WORK ITEM — Exactly the lines from the start of the data through the line containing "then show ?thesis using card_subsupersets_even_odd[OF" should be output, with both ends kept and nothing added.

[[ DATA EXTRACTS open ]]

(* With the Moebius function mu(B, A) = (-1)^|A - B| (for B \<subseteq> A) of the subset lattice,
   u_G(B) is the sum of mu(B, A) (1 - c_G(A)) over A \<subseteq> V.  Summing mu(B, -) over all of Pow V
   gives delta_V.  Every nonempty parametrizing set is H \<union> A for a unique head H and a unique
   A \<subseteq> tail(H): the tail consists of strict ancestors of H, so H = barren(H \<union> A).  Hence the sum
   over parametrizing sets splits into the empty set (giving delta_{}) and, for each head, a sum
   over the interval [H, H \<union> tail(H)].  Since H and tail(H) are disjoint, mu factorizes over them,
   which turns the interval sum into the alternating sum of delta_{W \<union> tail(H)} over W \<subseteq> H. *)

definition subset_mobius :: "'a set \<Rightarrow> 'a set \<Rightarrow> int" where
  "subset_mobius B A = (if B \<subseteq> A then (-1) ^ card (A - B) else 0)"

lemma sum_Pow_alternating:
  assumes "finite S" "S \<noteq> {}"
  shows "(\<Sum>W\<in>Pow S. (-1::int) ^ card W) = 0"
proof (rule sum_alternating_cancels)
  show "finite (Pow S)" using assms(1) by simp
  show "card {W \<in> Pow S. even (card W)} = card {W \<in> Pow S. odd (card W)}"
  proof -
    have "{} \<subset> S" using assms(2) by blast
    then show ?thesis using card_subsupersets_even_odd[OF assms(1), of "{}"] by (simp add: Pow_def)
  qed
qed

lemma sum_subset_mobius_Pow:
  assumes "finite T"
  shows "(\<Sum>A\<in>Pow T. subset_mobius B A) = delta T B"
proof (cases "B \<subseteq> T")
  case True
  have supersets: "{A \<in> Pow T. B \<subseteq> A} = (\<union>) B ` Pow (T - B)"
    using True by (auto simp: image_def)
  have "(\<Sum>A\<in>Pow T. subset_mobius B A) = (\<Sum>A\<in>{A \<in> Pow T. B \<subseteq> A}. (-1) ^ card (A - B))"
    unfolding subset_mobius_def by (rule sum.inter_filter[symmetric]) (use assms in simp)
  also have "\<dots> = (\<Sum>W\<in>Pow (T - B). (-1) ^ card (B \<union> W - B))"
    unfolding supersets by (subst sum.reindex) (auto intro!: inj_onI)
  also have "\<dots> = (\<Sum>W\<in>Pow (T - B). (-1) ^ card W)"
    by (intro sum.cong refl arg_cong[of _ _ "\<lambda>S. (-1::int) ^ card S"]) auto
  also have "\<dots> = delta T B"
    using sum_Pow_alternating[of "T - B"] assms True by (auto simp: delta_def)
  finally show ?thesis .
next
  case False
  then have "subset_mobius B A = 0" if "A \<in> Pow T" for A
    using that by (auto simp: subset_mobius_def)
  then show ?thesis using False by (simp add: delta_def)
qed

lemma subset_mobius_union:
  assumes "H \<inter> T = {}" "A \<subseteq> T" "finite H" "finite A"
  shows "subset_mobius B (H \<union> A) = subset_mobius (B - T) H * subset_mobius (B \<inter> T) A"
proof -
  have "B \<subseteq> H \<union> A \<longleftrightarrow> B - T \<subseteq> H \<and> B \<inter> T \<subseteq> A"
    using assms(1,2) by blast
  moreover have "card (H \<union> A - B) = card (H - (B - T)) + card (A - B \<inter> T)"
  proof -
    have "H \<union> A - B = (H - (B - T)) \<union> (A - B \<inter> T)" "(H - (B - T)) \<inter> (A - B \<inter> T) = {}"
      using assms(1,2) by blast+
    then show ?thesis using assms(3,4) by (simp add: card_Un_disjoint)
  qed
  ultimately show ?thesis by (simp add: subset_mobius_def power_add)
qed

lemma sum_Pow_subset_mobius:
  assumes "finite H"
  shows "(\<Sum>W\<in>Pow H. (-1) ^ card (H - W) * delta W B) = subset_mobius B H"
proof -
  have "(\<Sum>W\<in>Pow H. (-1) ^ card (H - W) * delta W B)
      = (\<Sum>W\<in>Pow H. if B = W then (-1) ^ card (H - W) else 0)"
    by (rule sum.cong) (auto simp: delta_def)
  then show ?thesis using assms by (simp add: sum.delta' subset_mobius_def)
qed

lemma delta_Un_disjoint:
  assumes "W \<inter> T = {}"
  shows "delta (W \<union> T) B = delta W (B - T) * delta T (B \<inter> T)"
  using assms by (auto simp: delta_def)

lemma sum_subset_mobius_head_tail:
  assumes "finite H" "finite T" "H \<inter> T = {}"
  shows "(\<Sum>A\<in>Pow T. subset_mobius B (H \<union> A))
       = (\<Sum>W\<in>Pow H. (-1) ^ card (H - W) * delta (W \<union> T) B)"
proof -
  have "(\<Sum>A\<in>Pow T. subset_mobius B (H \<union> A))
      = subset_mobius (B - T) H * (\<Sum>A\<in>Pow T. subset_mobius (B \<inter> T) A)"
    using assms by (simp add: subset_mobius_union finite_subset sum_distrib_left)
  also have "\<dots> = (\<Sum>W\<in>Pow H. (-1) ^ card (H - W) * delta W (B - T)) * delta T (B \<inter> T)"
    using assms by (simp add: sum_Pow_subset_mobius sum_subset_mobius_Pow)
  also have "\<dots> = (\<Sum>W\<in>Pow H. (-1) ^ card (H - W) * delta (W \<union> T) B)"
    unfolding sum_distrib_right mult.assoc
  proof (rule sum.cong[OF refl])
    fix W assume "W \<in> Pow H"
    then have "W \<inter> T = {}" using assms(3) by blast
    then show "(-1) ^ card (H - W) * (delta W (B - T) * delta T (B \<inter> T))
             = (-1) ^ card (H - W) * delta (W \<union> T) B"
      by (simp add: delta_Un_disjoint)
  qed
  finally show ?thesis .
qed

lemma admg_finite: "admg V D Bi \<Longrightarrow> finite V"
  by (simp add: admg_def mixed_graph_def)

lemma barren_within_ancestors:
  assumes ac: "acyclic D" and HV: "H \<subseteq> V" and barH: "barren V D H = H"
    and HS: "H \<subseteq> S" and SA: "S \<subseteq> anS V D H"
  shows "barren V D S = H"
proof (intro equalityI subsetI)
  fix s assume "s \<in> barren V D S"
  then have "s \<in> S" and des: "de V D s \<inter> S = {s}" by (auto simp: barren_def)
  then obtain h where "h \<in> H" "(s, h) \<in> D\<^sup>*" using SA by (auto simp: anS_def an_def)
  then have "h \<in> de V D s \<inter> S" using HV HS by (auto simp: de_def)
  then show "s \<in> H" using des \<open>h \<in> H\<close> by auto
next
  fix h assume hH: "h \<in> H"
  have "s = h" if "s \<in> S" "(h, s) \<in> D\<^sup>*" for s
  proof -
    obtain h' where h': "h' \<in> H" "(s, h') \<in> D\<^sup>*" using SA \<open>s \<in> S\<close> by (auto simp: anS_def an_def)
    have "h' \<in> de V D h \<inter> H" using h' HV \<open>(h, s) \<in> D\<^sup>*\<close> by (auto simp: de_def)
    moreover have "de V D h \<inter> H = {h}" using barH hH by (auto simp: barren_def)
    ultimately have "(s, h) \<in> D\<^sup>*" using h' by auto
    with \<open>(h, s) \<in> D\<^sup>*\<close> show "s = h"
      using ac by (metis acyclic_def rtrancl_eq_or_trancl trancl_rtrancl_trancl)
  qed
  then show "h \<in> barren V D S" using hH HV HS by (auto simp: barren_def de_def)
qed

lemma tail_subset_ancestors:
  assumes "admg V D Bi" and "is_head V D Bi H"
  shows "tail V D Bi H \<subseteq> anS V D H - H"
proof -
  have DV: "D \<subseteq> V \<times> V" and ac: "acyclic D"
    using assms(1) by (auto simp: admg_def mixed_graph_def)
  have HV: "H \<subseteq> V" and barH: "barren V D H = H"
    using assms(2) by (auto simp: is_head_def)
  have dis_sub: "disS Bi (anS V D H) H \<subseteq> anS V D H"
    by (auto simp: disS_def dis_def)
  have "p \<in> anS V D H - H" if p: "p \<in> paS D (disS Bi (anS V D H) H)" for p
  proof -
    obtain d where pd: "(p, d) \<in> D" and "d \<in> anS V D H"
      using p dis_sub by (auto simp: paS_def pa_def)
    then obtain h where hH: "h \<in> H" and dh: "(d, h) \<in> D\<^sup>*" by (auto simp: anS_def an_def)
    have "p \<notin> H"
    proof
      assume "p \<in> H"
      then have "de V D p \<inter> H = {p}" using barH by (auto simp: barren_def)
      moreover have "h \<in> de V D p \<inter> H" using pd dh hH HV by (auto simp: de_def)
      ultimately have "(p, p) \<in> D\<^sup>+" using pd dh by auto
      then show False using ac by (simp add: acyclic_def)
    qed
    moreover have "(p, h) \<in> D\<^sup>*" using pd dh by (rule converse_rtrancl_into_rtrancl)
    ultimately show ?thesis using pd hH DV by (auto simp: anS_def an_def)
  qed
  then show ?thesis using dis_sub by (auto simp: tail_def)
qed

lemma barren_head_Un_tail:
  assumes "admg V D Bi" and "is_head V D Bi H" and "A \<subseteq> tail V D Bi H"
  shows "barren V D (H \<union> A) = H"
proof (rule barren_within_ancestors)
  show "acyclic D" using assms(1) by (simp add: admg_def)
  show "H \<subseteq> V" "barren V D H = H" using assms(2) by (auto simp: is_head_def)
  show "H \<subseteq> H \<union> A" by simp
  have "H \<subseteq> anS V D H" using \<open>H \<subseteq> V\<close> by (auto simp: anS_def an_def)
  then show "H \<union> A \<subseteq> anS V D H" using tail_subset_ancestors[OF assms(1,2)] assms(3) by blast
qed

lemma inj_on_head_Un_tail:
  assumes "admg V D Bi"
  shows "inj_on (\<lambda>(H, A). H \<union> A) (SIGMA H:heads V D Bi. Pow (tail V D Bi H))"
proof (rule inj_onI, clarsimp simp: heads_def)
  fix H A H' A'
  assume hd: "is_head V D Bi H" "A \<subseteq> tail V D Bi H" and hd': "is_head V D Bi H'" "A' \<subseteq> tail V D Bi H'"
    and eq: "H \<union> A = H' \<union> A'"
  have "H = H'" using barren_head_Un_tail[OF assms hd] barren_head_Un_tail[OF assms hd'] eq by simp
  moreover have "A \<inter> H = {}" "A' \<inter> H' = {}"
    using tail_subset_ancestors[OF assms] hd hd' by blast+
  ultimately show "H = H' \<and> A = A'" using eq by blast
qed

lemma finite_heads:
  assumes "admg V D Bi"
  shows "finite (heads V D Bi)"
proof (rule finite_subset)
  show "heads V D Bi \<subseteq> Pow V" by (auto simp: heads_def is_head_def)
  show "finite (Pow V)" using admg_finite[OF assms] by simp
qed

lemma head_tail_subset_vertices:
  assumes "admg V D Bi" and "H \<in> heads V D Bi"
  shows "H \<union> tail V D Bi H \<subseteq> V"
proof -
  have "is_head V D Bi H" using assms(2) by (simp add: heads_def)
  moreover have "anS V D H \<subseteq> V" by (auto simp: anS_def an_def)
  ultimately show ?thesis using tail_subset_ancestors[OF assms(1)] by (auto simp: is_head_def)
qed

[[ DATA EXTRACTS closed ]]

RESPONSE AREA —
(* With the Moebius function mu(B, A) = (-1)^|A - B| (for B \<subseteq> A) of the subset lattice,
   u_G(B) is the sum of mu(B, A) (1 - c_G(A)) over A \<subseteq> V.  Summing mu(B, -) over all of Pow V
   gives delta_V.  Every nonempty parametrizing set is H \<union> A for a unique head H and a unique
   A \<subseteq> tail(H): the tail consists of strict ancestors of H, so H = barren(H \<union> A).  Hence the sum
   over parametrizing sets splits into the empty set (giving delta_{}) and, for each head, a sum
   over the interval [H, H \<union> tail(H)].  Since H and tail(H) are disjoint, mu factorizes over them,
   which turns the interval sum into the alternating sum of delta_{W \<union> tail(H)} over W \<subseteq> H. *)

definition subset_mobius :: "'a set \<Rightarrow> 'a set \<Rightarrow> int" where
  "subset_mobius B A = (if B \<subseteq> A then (-1) ^ card (A - B) else 0)"

lemma sum_Pow_alternating:
  assumes "finite S" "S \<noteq> {}"
  shows "(\<Sum>W\<in>Pow S. (-1::int) ^ card W) = 0"
proof (rule sum_alternating_cancels)
  show "finite (Pow S)" using assms(1) by simp
  show "card {W \<in> Pow S. even (card W)} = card {W \<in> Pow S. odd (card W)}"
  proof -
    have "{} \<subset> S" using assms(2) by blast
    then show ?thesis using card_subsupersets_even_odd[OF assms(1), of "{}"] by (simp add: Pow_def)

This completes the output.